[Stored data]
========================================

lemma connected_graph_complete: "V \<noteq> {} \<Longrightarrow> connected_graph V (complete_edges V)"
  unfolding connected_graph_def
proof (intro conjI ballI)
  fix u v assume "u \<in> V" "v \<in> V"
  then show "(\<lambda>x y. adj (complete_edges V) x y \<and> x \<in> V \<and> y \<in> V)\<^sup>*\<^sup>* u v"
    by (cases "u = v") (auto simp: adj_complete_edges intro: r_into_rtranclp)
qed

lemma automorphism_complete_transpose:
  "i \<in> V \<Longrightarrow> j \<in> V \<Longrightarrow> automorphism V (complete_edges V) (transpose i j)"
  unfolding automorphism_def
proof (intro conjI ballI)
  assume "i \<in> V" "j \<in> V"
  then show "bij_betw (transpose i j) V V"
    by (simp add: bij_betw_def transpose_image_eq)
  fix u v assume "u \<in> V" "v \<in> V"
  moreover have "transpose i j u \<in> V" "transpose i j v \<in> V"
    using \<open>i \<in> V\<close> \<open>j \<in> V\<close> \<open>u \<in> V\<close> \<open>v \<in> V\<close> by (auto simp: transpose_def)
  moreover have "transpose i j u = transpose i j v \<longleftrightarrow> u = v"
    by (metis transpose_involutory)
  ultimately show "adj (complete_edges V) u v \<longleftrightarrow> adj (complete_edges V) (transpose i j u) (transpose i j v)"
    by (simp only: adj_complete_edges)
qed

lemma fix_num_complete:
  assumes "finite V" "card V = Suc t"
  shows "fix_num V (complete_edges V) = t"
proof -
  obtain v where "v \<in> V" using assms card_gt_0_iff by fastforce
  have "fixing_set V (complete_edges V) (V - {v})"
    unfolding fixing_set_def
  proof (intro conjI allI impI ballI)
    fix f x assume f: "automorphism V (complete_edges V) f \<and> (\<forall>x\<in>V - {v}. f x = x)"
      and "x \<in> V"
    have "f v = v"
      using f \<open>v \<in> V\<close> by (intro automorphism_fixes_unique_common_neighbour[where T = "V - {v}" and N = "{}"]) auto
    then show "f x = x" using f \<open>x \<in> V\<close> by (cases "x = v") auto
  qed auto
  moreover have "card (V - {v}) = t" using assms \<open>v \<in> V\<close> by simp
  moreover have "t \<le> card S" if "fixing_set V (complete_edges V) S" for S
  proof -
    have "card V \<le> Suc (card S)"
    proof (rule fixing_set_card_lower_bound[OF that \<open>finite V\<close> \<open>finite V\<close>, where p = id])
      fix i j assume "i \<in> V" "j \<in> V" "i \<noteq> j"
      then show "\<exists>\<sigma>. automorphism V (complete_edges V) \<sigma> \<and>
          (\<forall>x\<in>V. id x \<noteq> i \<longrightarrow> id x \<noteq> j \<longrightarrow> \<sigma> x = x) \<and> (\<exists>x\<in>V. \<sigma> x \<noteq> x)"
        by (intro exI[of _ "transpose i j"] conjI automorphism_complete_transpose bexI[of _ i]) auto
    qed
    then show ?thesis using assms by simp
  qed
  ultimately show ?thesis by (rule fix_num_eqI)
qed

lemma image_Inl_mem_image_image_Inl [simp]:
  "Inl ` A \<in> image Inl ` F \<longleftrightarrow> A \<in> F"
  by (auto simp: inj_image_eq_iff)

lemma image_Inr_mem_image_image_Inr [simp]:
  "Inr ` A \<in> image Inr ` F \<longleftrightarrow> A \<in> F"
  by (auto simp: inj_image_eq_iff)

========================================

* _Assignment_: Pick out each line above that includes "finite" and show it.

* _Task response_:
  assumes "finite V" "card V = Suc t"
    proof (rule fixing_set_card_lower_bound[OF that \<open>finite V\<close> \<open>finite V\<close>, where p = id])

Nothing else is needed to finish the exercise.